# Work instruction:
Each line of the records below that holds "real" should be copied out.

[Stored data entries]
/---
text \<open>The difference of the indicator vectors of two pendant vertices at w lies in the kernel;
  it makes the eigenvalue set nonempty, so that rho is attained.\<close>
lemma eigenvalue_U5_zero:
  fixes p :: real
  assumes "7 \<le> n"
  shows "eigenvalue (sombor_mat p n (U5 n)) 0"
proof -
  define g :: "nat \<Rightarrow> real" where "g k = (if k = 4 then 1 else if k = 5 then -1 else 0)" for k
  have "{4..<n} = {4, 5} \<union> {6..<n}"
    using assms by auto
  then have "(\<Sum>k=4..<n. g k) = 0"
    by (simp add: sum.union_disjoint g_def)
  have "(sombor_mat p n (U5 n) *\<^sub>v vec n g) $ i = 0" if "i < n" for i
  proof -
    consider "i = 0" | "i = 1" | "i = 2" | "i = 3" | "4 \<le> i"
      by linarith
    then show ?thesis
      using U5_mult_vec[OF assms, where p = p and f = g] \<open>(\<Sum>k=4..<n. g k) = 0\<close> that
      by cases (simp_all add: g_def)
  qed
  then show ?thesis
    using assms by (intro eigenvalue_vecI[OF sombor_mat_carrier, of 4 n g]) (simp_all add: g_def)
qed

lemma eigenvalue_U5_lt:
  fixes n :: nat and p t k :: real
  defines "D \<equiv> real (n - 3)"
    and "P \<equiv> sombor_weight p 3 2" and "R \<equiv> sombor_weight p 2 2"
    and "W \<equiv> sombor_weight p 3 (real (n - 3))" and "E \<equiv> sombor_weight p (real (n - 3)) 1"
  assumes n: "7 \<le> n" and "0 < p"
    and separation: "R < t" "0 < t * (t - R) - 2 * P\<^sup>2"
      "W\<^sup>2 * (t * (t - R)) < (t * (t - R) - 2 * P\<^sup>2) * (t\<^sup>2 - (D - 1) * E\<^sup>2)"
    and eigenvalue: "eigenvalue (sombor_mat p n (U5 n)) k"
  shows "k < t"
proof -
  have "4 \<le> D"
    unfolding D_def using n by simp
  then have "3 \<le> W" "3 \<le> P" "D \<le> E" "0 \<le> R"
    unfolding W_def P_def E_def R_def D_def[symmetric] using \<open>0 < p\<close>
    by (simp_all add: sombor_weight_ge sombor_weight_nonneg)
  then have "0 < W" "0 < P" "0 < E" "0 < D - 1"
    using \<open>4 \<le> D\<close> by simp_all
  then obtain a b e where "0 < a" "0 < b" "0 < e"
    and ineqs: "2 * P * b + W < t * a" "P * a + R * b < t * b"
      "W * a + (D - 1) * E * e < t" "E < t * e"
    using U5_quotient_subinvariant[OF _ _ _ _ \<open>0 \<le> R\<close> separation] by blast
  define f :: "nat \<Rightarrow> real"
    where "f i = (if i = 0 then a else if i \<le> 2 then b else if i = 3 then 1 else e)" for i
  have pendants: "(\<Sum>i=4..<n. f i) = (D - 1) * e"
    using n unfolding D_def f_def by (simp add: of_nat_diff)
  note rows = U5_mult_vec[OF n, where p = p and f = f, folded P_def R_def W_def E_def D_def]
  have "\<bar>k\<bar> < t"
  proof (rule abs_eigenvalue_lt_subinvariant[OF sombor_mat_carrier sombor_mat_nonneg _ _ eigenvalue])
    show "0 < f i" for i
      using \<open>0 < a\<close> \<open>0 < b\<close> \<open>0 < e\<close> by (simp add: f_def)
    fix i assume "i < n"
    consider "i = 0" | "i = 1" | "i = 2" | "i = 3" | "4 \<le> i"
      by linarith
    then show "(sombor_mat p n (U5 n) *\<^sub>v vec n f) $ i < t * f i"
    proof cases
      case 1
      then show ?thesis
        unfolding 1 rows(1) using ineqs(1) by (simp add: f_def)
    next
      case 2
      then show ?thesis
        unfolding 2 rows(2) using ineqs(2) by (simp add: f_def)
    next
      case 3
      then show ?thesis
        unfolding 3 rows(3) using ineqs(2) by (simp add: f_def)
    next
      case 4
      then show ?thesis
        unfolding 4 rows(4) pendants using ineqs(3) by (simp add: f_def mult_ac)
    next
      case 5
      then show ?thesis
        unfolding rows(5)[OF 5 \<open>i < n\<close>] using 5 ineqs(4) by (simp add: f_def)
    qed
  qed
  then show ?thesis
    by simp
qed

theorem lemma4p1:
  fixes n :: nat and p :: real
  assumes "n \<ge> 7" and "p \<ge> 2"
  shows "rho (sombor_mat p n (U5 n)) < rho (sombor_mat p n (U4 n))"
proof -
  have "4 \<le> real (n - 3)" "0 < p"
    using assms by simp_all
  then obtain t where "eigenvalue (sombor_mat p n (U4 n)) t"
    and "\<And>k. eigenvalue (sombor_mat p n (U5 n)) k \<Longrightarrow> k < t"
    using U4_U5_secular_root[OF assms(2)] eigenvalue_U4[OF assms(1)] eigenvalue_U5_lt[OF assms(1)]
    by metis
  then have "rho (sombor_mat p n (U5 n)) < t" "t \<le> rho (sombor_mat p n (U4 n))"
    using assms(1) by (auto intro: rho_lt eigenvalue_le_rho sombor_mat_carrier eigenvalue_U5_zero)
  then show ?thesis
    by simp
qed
\---
# Response for this exercise:
  fixes p :: real
  define g :: "nat \<Rightarrow> real" where "g k = (if k = 4 then 1 else if k = 5 then -1 else 0)" for k
  fixes n :: nat and p t k :: real
  defines "D \<equiv> real (n - 3)"
    and "W \<equiv> sombor_weight p 3 (real (n - 3))" and "E \<equiv> sombor_weight p (real (n - 3)) 1"
  define f :: "nat \<Rightarrow> real"
  fixes n :: nat and p :: real
  have "4 \<le> real (n - 3)" "0 < p"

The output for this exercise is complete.